It's timber is useful.


----------



## Lupus (Sep 4, 2011)

Thanks guys! Too bad all I saved was a bowl and it's my first one so it will end up scrap I'm sure. Got it drying outside with paint on it I'm actually wondering if it's going to crack the way I'm drying it. It's just sitting in the garage. Any idea when I could safely start cutting on it again?


----------



## TexasTimbers (Oct 17, 2006)

Chinaberry was one of my unspoken guesses but I just couldn't get there with the bark. I lived in Corpus Christi Texas for 6 years and we were covered up with Chinaberry and I just don't remember the bark looking anything like that, but it's been 40 years ago too so . . . .


----------



## ETWW (Mar 27, 2011)

TexasTimbers said:


> Chinaberry was one of my unspoken guesses but I just couldn't get there with the bark. I lived in Corpus Christi Texas for 6 years and we were covered up with Chinaberry and I just don't remember the bark looking anything like that, but it's been 40 years ago too so . . . .


Young Chinaberry trees have a much smoother bark but mature ones look like the one shown in the first pic. In fact, there's an old Chinaberry that fell down across the fence behind my house. I just went and looked at it and it is very similar to the picture.

FYI, the Chinaberry is in the Mahogany family and the wood can be really attractive, even if the tree itself is pretty fugly. I've never worked with it, though, so have no idea as to workability.


----------



## TexasTimbers (Oct 17, 2006)

ETWW said:


> ... I've never worked with it, though, so have no idea as to workability.
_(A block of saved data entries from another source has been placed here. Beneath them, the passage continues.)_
(* Let $C>0$ be fixed. If \[\frac{\log(n)+\log(\log(n))+\omega_1(n)}{2n}<p<\frac{\log(n)+\log(\log(n))-\omega_2(n)}{n}\] for some sequences $\omega_1(n),\omega_2(n)\to+\infty$, then a.a.s. $\Gamma\in G(n,p)$ has at least $C$ vertices of valence $1$ that are not on isolated edges.
   Context: $G(n,p)$ is the Erdős–Rényi random graph on $n$ vertices with each edge present independently with probability $p=p(n)$; a.a.s. means with probability tending to $1$ as $n\to\infty$; $\log$ is the natural logarithm. An isolated edge is an edge both of whose endpoints have valence $1$. *)

theory Defs
  imports Complex_Main
begin

text \<open>Simple graphs on the vertex set {0..<n}: a graph is a set of edges,
each edge a 2-element subset of {0..<n}.\<close>

definition all_edges :: "nat \<Rightarrow> nat set set" where
  "all_edges n = {e. e \<subseteq> {..<n} \<and> card e = 2}"

definition valence :: "nat set set \<Rightarrow> nat \<Rightarrow> nat" where
  "valence E v = card {e \<in> E. v \<in> e}"

definition isolated_edge :: "nat set set \<Rightarrow> nat set \<Rightarrow> bool" where
  "isolated_edge E e \<longleftrightarrow> e \<in> E \<and> (\<forall>u\<in>e. valence E u = 1)"

definition leaves_not_isolated :: "nat \<Rightarrow> nat set set \<Rightarrow> nat set" where
  "leaves_not_isolated n E =
     {v \<in> {..<n}. valence E v = 1 \<and> \<not> (\<exists>e. isolated_edge E e \<and> v \<in> e)}"

text \<open>Probability that G(n,p) has property P: each edge of the complete graph
on {0..<n} is present independently with probability p.\<close>
definition Gnp_prob :: "nat \<Rightarrow> real \<Rightarrow> (nat set set \<Rightarrow> bool) \<Rightarrow> real" where
  "Gnp_prob n p P =
     (\<Sum>E\<in>{E. E \<subseteq> all_edges n \<and> P E}.
        p ^ card E * (1 - p) ^ (card (all_edges n) - card E))"

end

theory Submission
  imports Defs "HOL-Real_Asymp.Real_Asymp"
begin

text \<open>
  Let \<open>X\<close> be the number of vertices of valence 1. Below the upper end of the window the
  expectation \<open>\<mu> = n (n - 1) p (1 - p)^(n-2)\<close> of \<open>X\<close> is at least of order \<open>e^\<omega>\<^sub>2\<close>, and
  pairs of distinct leaves are almost uncorrelated, so \<open>Var X = o(\<mu>\<^sup>2)\<close> and Chebyshev's
  inequality gives \<open>X \<ge> C\<close> a.a.s. Above the lower end of the window the expected number of
  isolated edges, at most \<open>n\<^sup>2 p (1 - p)^(2n-4)\<close>, is \<open>O(\<omega>\<^sub>1 e^-\<omega>\<^sub>1)\<close>, so a.a.s. there
  are none and every leaf counts.
\<close>

section \<open>Random subsets of a finite set\<close>

text \<open>
  \<open>subset_weight A p E\<close> is the probability that a random subset of \<open>A\<close>, containing each
  element independently with probability \<open>p\<close>, equals \<open>E\<close>.
\<close>

definition subset_weight :: "'a set \<Rightarrow> real \<Rightarrow> 'a set \<Rightarrow> real" where
  "subset_weight A p E = p ^ card E * (1 - p) ^ (card A - card E)"

definition Pr :: "'a set \<Rightarrow> real \<Rightarrow> ('a set \<Rightarrow> bool) \<Rightarrow> real" where
  "Pr A p Q = (\<Sum>E\<in>{E. E \<subseteq> A \<and> Q E}. subset_weight A p E)"

definition expectation :: "'a set \<Rightarrow> real \<Rightarrow> ('a set \<Rightarrow> real) \<Rightarrow> real" where
  "expectation A p X = (\<Sum>E\<in>Pow A. subset_weight A p E * X E)"

lemma Gnp_prob_eq_Pr: "Gnp_prob n p P = Pr (all_edges n) p P"
  by (simp add: Gnp_prob_def Pr_def subset_weight_def)

lemma subset_weight_nonneg: "0 \<le> p \<Longrightarrow> p \<le> 1 \<Longrightarrow> 0 \<le> subset_weight A p E"
  by (simp add: subset_weight_def)

lemma sum_subset_weight_Pow:
  assumes "finite B"
  shows "(\<Sum>F\<in>Pow B. subset_weight B p F) = 1"
proof -
  have "1 = (\<Prod>x\<in>B. p + (1 - p))" by simp
  also have "\<dots> = (\<Sum>X\<in>Pow B. (\<Prod>x\<in>X. p) * (\<Prod>x\<in>B-X. 1 - p))"
    by (rule prod_add[OF assms])
  also have "\<dots> = (\<Sum>F\<in>Pow B. subset_weight B p F)"
  proof (rule sum.cong[OF refl])
    fix X assume "X \<in> Pow B"
    then have "card (B - X) = card B - card X"
      using assms by (simp add: card_Diff_subset finite_subset)
    then show "(\<Prod>x\<in>X. p) * (\<Prod>x\<in>B-X. 1 - p) = subset_weight B p X"
      by (simp add: subset_weight_def)
  qed
  finally show ?thesis ..
qed

lemma Pr_Int_eq:
  assumes A: "finite A" and SA: "S \<subseteq> A" and TS: "T \<subseteq> S"
  shows "Pr A p (\<lambda>E. E \<inter> S = T) = subset_weight S p T"
proof -
  have fS: "finite S" using A SA finite_subset by blast
  have fT: "finite T" using fS TS finite_subset by blast
  have fAS: "finite (A - S)" using A by simp
  have events: "{E. E \<subseteq> A \<and> E \<inter> S = T} = (\<lambda>F. T \<union> F) ` Pow (A - S)"
  proof (intro set_eqI iffI)
    fix E assume "E \<in> {E. E \<subseteq> A \<and> E \<inter> S = T}"
    then have "E \<subseteq> A" "E = T \<union> (E - S)" by auto
    then show "E \<in> (\<lambda>F. T \<union> F) ` Pow (A - S)" by blast
  qed (use TS SA in blast)
  have inj: "inj_on (\<lambda>F. T \<union> F) (Pow (A - S))"
    using TS by (auto simp: inj_on_def)
  have cA: "card A = card S + card (A - S)"
    using A SA by (metis card_Diff_subset card_mono finite_subset le_add_diff_inverse)
  have split: "subset_weight A p (T \<union> F) = subset_weight S p T * subset_weight (A - S) p F"
    if F: "F \<in> Pow (A - S)" for F
  proof -
    have fF: "finite F" using F fAS finite_subset by auto
    have cTF: "card (T \<union> F) = card T + card F"
      using F TS by (intro card_Un_disjoint fT fF) auto
    have "card T \<le> card S" "card F \<le> card (A - S)"
      using card_mono[OF fS TS] F fAS by (auto simp: card_mono)
    then have "card A - card (T \<union> F) = (card S - card T) + (card (A - S) - card F)"
      using cTF cA by simp
    then show ?thesis
      unfolding subset_weight_def cTF by (simp only: power_add mult_ac)
  qed
  have "Pr A p (\<lambda>E. E \<inter> S = T) = (\<Sum>F\<in>Pow (A - S). subset_weight A p (T \<union> F))"
    unfolding Pr_def events by (simp add: sum.reindex[OF inj])
  also have "\<dots> = subset_weight S p T * (\<Sum>F\<in>Pow (A - S). subset_weight (A - S) p F)"
    by (simp add: split sum_distrib_left)
  also have "\<dots> = subset_weight S p T"
    by (simp add: sum_subset_weight_Pow[OF fAS])
  finally show ?thesis .
qed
This is a quote from two of the experienced turners at my site when asked how Chinaberry turns by another member:



rbaccus said:


> *rbaccus Wrote:* (Yesterday 09:18 PM)
> The stuff turns real good--medium hardness--escaped tropical shadetree. always one around old houseplaces. big bueatiful flowers and yellow berries. turns real good green or wet. not so much dry--dusty and chippy. keep mine in mom's water lilly pond with a lot of woods. ------------------old forester :biggrin:





West River WoodWorks said:


> *West River WoodWorks Wrote: *(Yesterday 10:33 PM)
> Just so happens that i was working with the same stuff today!:yipee: It cuts amazingly well and has great colors and figure. I cant wait to get a chance to turn some of it! :yipee:


You're right the stuff is gorgeous. Member Joe Rebuild in Florida, who is also a member here has some for sale. He may have already posted this picture here I don't know, but I'm sure he won't mind me showing off his wood. I labeled the photos so no one could mistake them as mine (although I am dickering for one of them  )


----------



## SaltyDog (Mar 14, 2012)

Just ran a piece of Chinaberry through the planer. it'll be my first time working with it, It does look nice.

Central Florida


----------



## FarmerJim (Mar 22, 2012)

In the pic, kindof looks like cherry!


----------



## bob sacamano (Jan 24, 2012)

im wondering if im the only one on this site who CANT identify any tree unless im looking at the grain. cherry walnut mahogany etc --- i have NO clue what they look like when theyre alive. but i do know a palm , pine and silver dollar .


----------